Report each line of the records below that uses the word "gives".
(Record excerpts)
(* Let $\lambda=(\lambda_1,\ldots,\lambda_n)\in\mathbb{C}^n$ have strictly negative real parts and let $C_\lambda$ be the associated real companion matrix. Let $D\in\mathbb{R}^{r\times nm}$ be such that the pair $(C_\lambda\otimes I_{m\times m},D)$ is observable, and let $P\in\mathbb{R}^{nm\times nm}$ be the unique symmetric positive definite solution of $$(C_\lambda\otimes I_{m\times m})^{T}P+P(C_\lambda\otimes I_{m\times m})+D^{T}D=0.$$ Let $x(t)\in\mathbb{R}^m$ solve $x^{(n)}=-\sum_{k=0}^{n-1}\kappa_{k,\lambda}x^{(k)}$ from the initial state $z_0=(x_0^{(0)},\ldots,x_0^{(n-1)})$, viewed as a vector in $\mathbb{R}^{nm}$ by stacking $x_0^{(0)},\ldots,x_0^{(n-1)}$. Then for all $t\ge 0$, $$x(t)\in\mathcal{E}\big(0,\ I_{m\times nm}P^{-1}I_{nm\times m},\ \|z_0\|_P\big).$$
   Context: The coefficients $\kappa_{k,\lambda}\in\mathbb{R}$ are defined by $\prod_{i=1}^n(s-\lambda_i)=s^n+\sum_{k=0}^{n-1}\kappa_{k,\lambda}s^k$. $C_\lambda$ is the $n\times n$ matrix with $(C_\lambda)_{i,i+1}=1$ for $i=1,\ldots,n-1$, last row $[-\kappa_{0,\lambda},\ldots,-\kappa_{n-1,\lambda}]$, zeros elsewhere; with the stacked state $z=(x^{(0)},\ldots,x^{(n-1)})\in\mathbb{R}^{nm}$ the system reads $\dot z=(C_\lambda\otimes I_{m\times m})z$. $\otimes$ is the Kronecker product; $I_{m\times nm}=[I_m\ 0\ \cdots\ 0]$ and $I_{nm\times m}=I_{m\times nm}^T$. $\|z\|_P=\sqrt{z^TPz}$. For $c\in\mathbb{R}^m$, a symmetric positive semidefinite $\Sigma$ and $\rho\ge 0$, $\mathcal{E}(c,\Sigma,\rho)=\{c+\rho\,\Sigma^{1/2}u: u\in\mathbb{R}^m,\ \|u\|\le 1\}$ with $\Sigma^{1/2}$ the symmetric positive semidefinite square root. *)

theory Defs
  imports "Jordan_Normal_Form.Matrix" "HOL-Computational_Algebra.Polynomial" Complex_Main
begin

text \<open>Indices of lambda are 0..n-1 (lam 0 = lambda_1, ...).  Taken as the real part of the
  complex coefficient; the statement separately assumes these coefficients are real.\<close>
definition charpoly_lam :: "nat \<Rightarrow> (nat \<Rightarrow> complex) \<Rightarrow> complex poly" where
  "charpoly_lam n lam = (\<Prod>i<n. [:- lam i, 1:])"

definition kappa :: "nat \<Rightarrow> (nat \<Rightarrow> complex) \<Rightarrow> nat \<Rightarrow> real" where
  "kappa n lam k = Re (coeff (charpoly_lam n lam) k)"

definition companion :: "nat \<Rightarrow> (nat \<Rightarrow> complex) \<Rightarrow> real mat" where
  "companion n lam = mat n n (\<lambda>(i, j).
     if i = n - 1 then - kappa n lam j else if j = i + 1 then 1 else 0)"

definition kron :: "real mat \<Rightarrow> real mat \<Rightarrow> real mat" where
  "kron A B = mat (dim_row A * dim_row B) (dim_col A * dim_col B)
     (\<lambda>(p, q). A $$ (p div dim_row B, q div dim_col B) * B $$ (p mod dim_row B, q mod dim_col B))"

text \<open>I_{m x nm} = [I_m 0 ... 0] and I_{nm x m} its transpose.\<close>
definition I_sel :: "nat \<Rightarrow> nat \<Rightarrow> real mat" where
  "I_sel m N = mat m N (\<lambda>(i, j). if i = j then 1 else 0)"

text \<open>Observability of the pair (A, D) with A of size N x N: the unobservable subspace
  (common kernel of D A^k, k < N, i.e. kernel of the Kalman observability matrix) is trivial,
  i.e. the observability matrix has full column rank N.\<close>
definition observable :: "nat \<Rightarrow> real mat \<Rightarrow> real mat \<Rightarrow> bool" where
  "observable N A D \<longleftrightarrow>
     (\<forall>v \<in> carrier_vec N. (\<forall>k<N. D *\<^sub>v ((A ^\<^sub>m k) *\<^sub>v v) = 0\<^sub>v (dim_row D)) \<longrightarrow> v = 0\<^sub>v N)"

definition sym_mat :: "real mat \<Rightarrow> bool" where
  "sym_mat A \<longleftrightarrow> transpose_mat A = A"

definition pos_def :: "nat \<Rightarrow> real mat \<Rightarrow> bool" where
  "pos_def N A \<longleftrightarrow> A \<in> carrier_mat N N \<and> sym_mat A \<and>
     (\<forall>v \<in> carrier_vec N. v \<noteq> 0\<^sub>v N \<longrightarrow> v \<bullet> (A *\<^sub>v v) > 0)"

definition pos_semidef :: "nat \<Rightarrow> real mat \<Rightarrow> bool" where
  "pos_semidef N A \<longleftrightarrow> A \<in> carrier_mat N N \<and> sym_mat A \<and>
     (\<forall>v \<in> carrier_vec N. v \<bullet> (A *\<^sub>v v) \<ge> 0)"

definition mat_inv :: "nat \<Rightarrow> real mat \<Rightarrow> real mat" where
  "mat_inv N A = (THE B. B \<in> carrier_mat N N \<and> A * B = 1\<^sub>m N \<and> B * A = 1\<^sub>m N)"

definition psd_sqrt :: "nat \<Rightarrow> real mat \<Rightarrow> real mat" where
  "psd_sqrt N S = (THE R. pos_semidef N R \<and> R * R = S)"

definition ellipsoid :: "nat \<Rightarrow> real vec \<Rightarrow> real mat \<Rightarrow> real \<Rightarrow> real vec set" where
  "ellipsoid m c Sig rho =
     {c + rho \<cdot>\<^sub>v (psd_sqrt m Sig *\<^sub>v u) | u. u \<in> carrier_vec m \<and> sqrt (u \<bullet> u) \<le> 1}"

definition P_norm :: "real mat \<Rightarrow> real vec \<Rightarrow> real" where
  "P_norm P z = sqrt (z \<bullet> (P *\<^sub>v z))"

end

theory Submission
  imports Defs "Jordan_Normal_Form.Spectral_Radius"
begin

text \<open>The stacked state \<open>z = (x, x', \<dots>, x\<^sup>(\<^sup>n\<^sup>-\<^sup>1\<^sup>))\<close> solves \<open>z' = A z\<close> with
  \<open>A = C\<^sub>\<lambda> \<otimes> I\<^sub>m\<close>, so the Lyapunov equation gives \<open>(z\<^sup>T P z)' = - \<bar>D z\<bar>\<^sup>2 \<le> 0\<close>
  and the trajectory stays in the sublevel set \<open>z\<^sup>T P z \<le> \<parallel>z\<^sub>0\<parallel>\<^sub>P\<^sup>2\<close>.
  Its first block is \<open>S z\<close> with \<open>S = I\<^sub>m\<^sub>\<times>\<^sub>n\<^sub>m\<close>. Put \<open>\<Sigma> = S P\<^sup>-\<^sup>1 S\<^sup>T\<close>:
  the Cauchy-Schwarz inequality for the inner product defined by \<open>P\<close> gives
  \<open>(w \<bullet> S z)\<^sup>2 \<le> (w\<^sup>T \<Sigma> w) (z\<^sup>T P z)\<close> for every \<open>w\<close>, and the test vector
  \<open>w = \<Sigma>\<^sup>-\<^sup>1 S z\<close> turns this into \<open>\<bar>\<Sigma>\<^sup>-\<^sup>1\<^sup>/\<^sup>2 S z\<bar> \<le> \<parallel>z\<^sub>0\<parallel>\<^sub>P\<close>, i.e. into
  membership in the ellipsoid. The symmetric square root \<open>\<Sigma>\<^sup>1\<^sup>/\<^sup>2\<close> is built from the
  spectral theorem for real symmetric matrices.
  Stability of \<open>\<lambda>\<close> and observability only serve to make \<open>P\<close> exist; the argument needs
  nothing beyond \<open>P\<close> and the Lyapunov equation.\<close>

section \<open>Quadratic forms\<close>

lemma scalar_prod_self_nonneg: "(v :: real vec) \<bullet> v \<ge> 0"
  using conjugate_square_ge_0_vec[of v] by simp

lemma scalar_prod_self_eq_0_iff:
  "(v :: real vec) \<in> carrier_vec n \<Longrightarrow> v \<bullet> v = 0 \<longleftrightarrow> v = 0\<^sub>v n"
  using conjugate_square_eq_0_vec[of v n] by simp

lemma mult_mat_vec_zero:
  "(A :: 'a :: semiring_0 mat) \<in> carrier_mat nr nc \<Longrightarrow> A *\<^sub>v 0\<^sub>v nc = 0\<^sub>v nr"
  by (intro eq_vecI) (auto simp: scalar_prod_def)

lemma sym_mat_entry:
  assumes "B \<in> carrier_mat n n" and "sym_mat B" and "i < n" and "j < n"
  shows "B $$ (j, i) = B $$ (i, j)"
  using assms unfolding sym_mat_def by (metis carrier_matD index_transpose_mat(1))

lemma sym_mat_bilinear_comm:
  fixes R :: "real mat"
  assumes R: "R \<in> carrier_mat N N" and sym: "sym_mat R"
    and a: "a \<in> carrier_vec N" and b: "b \<in> carrier_vec N"
  shows "b \<bullet> (R *\<^sub>v a) = a \<bullet> (R *\<^sub>v b)"
proof -
  have "b \<bullet> (R *\<^sub>v a) = (transpose_mat R *\<^sub>v b) \<bullet> a"
    using transpose_vec_mult_scalar[OF R a b] by simp
  also have "\<dots> = a \<bullet> (R *\<^sub>v b)"
    using sym R a b unfolding sym_mat_def by (metis comm_scalar_prod mult_mat_vec_carrier)
  finally show ?thesis .
qed

lemma quadratic_nonneg_imp_discriminant_nonpos:
  fixes \<alpha> \<beta> \<gamma> :: real
  assumes nonneg: "\<And>t. 0 \<le> \<alpha> + 2 * t * \<beta> + t\<^sup>2 * \<gamma>" and "\<gamma> \<ge> 0"
  shows "\<beta>\<^sup>2 \<le> \<alpha> * \<gamma>"
proof (cases "\<gamma> = 0")
  case True
  have "\<beta> = 0"
  proof (rule ccontr)
    assume "\<beta> \<noteq> 0"
    then have "\<alpha> + 2 * (- (\<alpha> + 1) / (2 * \<beta>)) * \<beta> = -1"
      by (simp add: field_simps)
    then show False
      using nonneg[of "- (\<alpha> + 1) / (2 * \<beta>)"] True by simp
  qed
  then show ?thesis
    using True by simp
next
  case False
  then have \<gamma>: "\<gamma> > 0"
    using assms(2) by simp
  have "0 \<le> \<alpha> + 2 * (- \<beta> / \<gamma>) * \<beta> + (- \<beta> / \<gamma>)\<^sup>2 * \<gamma>"
    by (rule nonneg)
  also have "\<dots> = \<alpha> - \<beta>\<^sup>2 / \<gamma>"
    using \<gamma> by (simp add: field_simps power2_eq_square)
  finally show ?thesis
    using \<gamma> by (simp add: field_simps)
qed

lemma pos_semidef_cauchy_schwarz:
  assumes R: "pos_semidef N R" and a: "a \<in> carrier_vec N" and b: "b \<in> carrier_vec N"
  shows "(a \<bullet> (R *\<^sub>v b))\<^sup>2 \<le> (a \<bullet> (R *\<^sub>v a)) * (b \<bullet> (R *\<^sub>v b))"
proof (rule quadratic_nonneg_imp_discriminant_nonpos)
  have Rc: "R \<in> carrier_mat N N" and sym: "sym_mat R"
    using R unfolding pos_semidef_def by auto
  show "b \<bullet> (R *\<^sub>v b) \<ge> 0"
    using R b unfolding pos_semidef_def by auto
  fix t :: real
  have ab: "a + t \<cdot>\<^sub>v b \<in> carrier_vec N"
    using a b by simp
  have "0 \<le> (a + t \<cdot>\<^sub>v b) \<bullet> (R *\<^sub>v (a + t \<cdot>\<^sub>v b))"
    using R ab unfolding pos_semidef_def by auto
  also have "R *\<^sub>v (a + t \<cdot>\<^sub>v b) = R *\<^sub>v a + t \<cdot>\<^sub>v (R *\<^sub>v b)"
    using Rc a b by (simp add: mult_add_distrib_mat_vec mult_mat_vec)
  also have "(a + t \<cdot>\<^sub>v b) \<bullet> (R *\<^sub>v a + t \<cdot>\<^sub>v (R *\<^sub>v b))
      = a \<bullet> (R *\<^sub>v a) + t * (a \<bullet> (R *\<^sub>v b)) + t * (b \<bullet> (R *\<^sub>v a)) + t * t * (b \<bullet> (R *\<^sub>v b))"
    using Rc a b
    by (simp add: add_scalar_prod_distrib[of _ N] scalar_prod_add_distrib[of _ N] algebra_simps)
  also have "b \<bullet> (R *\<^sub>v a) = a \<bullet> (R *\<^sub>v b)"
    by (rule sym_mat_bilinear_comm[OF Rc sym a b])
  finally show "0 \<le> a \<bullet> (R *\<^sub>v a) + 2 * t * (a \<bullet> (R *\<^sub>v b)) + t\<^sup>2 * (b \<bullet> (R *\<^sub>v b))"
    by (simp add: power2_eq_square algebra_simps)
qed

lemma pos_semidef_quadratic_form_eq_0D:
  assumes R: "pos_semidef N R" and v: "v \<in> carrier_vec N" and zero: "v \<bullet> (R *\<^sub>v v) = 0"
  shows "R *\<^sub>v v = 0\<^sub>v N"
proof -
  have Rv: "R *\<^sub>v v \<in> carrier_vec N"
    using R v unfolding pos_semidef_def by auto
  have "((R *\<^sub>v v) \<bullet> (R *\<^sub>v v))\<^sup>2 \<le> ((R *\<^sub>v v) \<bullet> (R *\<^sub>v (R *\<^sub>v v))) * (v \<bullet> (R *\<^sub>v v))"
    by (rule pos_semidef_cauchy_schwarz[OF R Rv v])
  then have "(R *\<^sub>v v) \<bullet> (R *\<^sub>v v) = 0"
    using zero by simp
  then show ?thesis
    using scalar_prod_self_eq_0_iff[OF Rv] by simp
qed

lemma pos_def_imp_pos_semidef: "pos_def N P \<Longrightarrow> pos_semidef N P"
  unfolding pos_def_def pos_semidef_def by (auto simp: less_imp_le)

lemma pos_def_mult_vec_eq_0D:
  assumes P: "pos_def N P" and v: "v \<in> carrier_vec N" and zero: "P *\<^sub>v v = 0\<^sub>v N"
  shows "v = 0\<^sub>v N"
proof (rule ccontr)
  assume "v \<noteq> 0\<^sub>v N"
  then have "v \<bullet> (P *\<^sub>v v) > 0"
    using P v unfolding pos_def_def by auto
  then show False
    using zero v by simp
qed
lemma quadratic_form_congruence:
  fixes S M :: "real mat"
  assumes S: "S \<in> carrier_mat m N" and M: "M \<in> carrier_mat N N" and w: "w \<in> carrier_vec m"
  shows "w \<bullet> ((S * M * transpose_mat S) *\<^sub>v w)
    = (transpose_mat S *\<^sub>v w) \<bullet> (M *\<^sub>v (transpose_mat S *\<^sub>v w))"
proof -
  have "(S * M * transpose_mat S) *\<^sub>v w = (S * M) *\<^sub>v (transpose_mat S *\<^sub>v w)"
    by (rule assoc_mult_mat_vec[of _ m N]) (use S M w in auto)
  also have "\<dots> = S *\<^sub>v (M *\<^sub>v (transpose_mat S *\<^sub>v w))"
    by (rule assoc_mult_mat_vec[of _ m N]) (use S M w in auto)
  finally show ?thesis
    using transpose_vec_mult_scalar[OF S _ w, of "M *\<^sub>v (transpose_mat S *\<^sub>v w)"] S M w by simp
qed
(End Record excerpts)
_Response area_
  \<open>A = C\<^sub>\<lambda> \<otimes> I\<^sub>m\<close>, so the Lyapunov equation gives \<open>(z\<^sup>T P z)' = - \<bar>D z\<bar>\<^sup>2 \<le> 0\<close>
  the Cauchy-Schwarz inequality for the inner product defined by \<open>P\<close> gives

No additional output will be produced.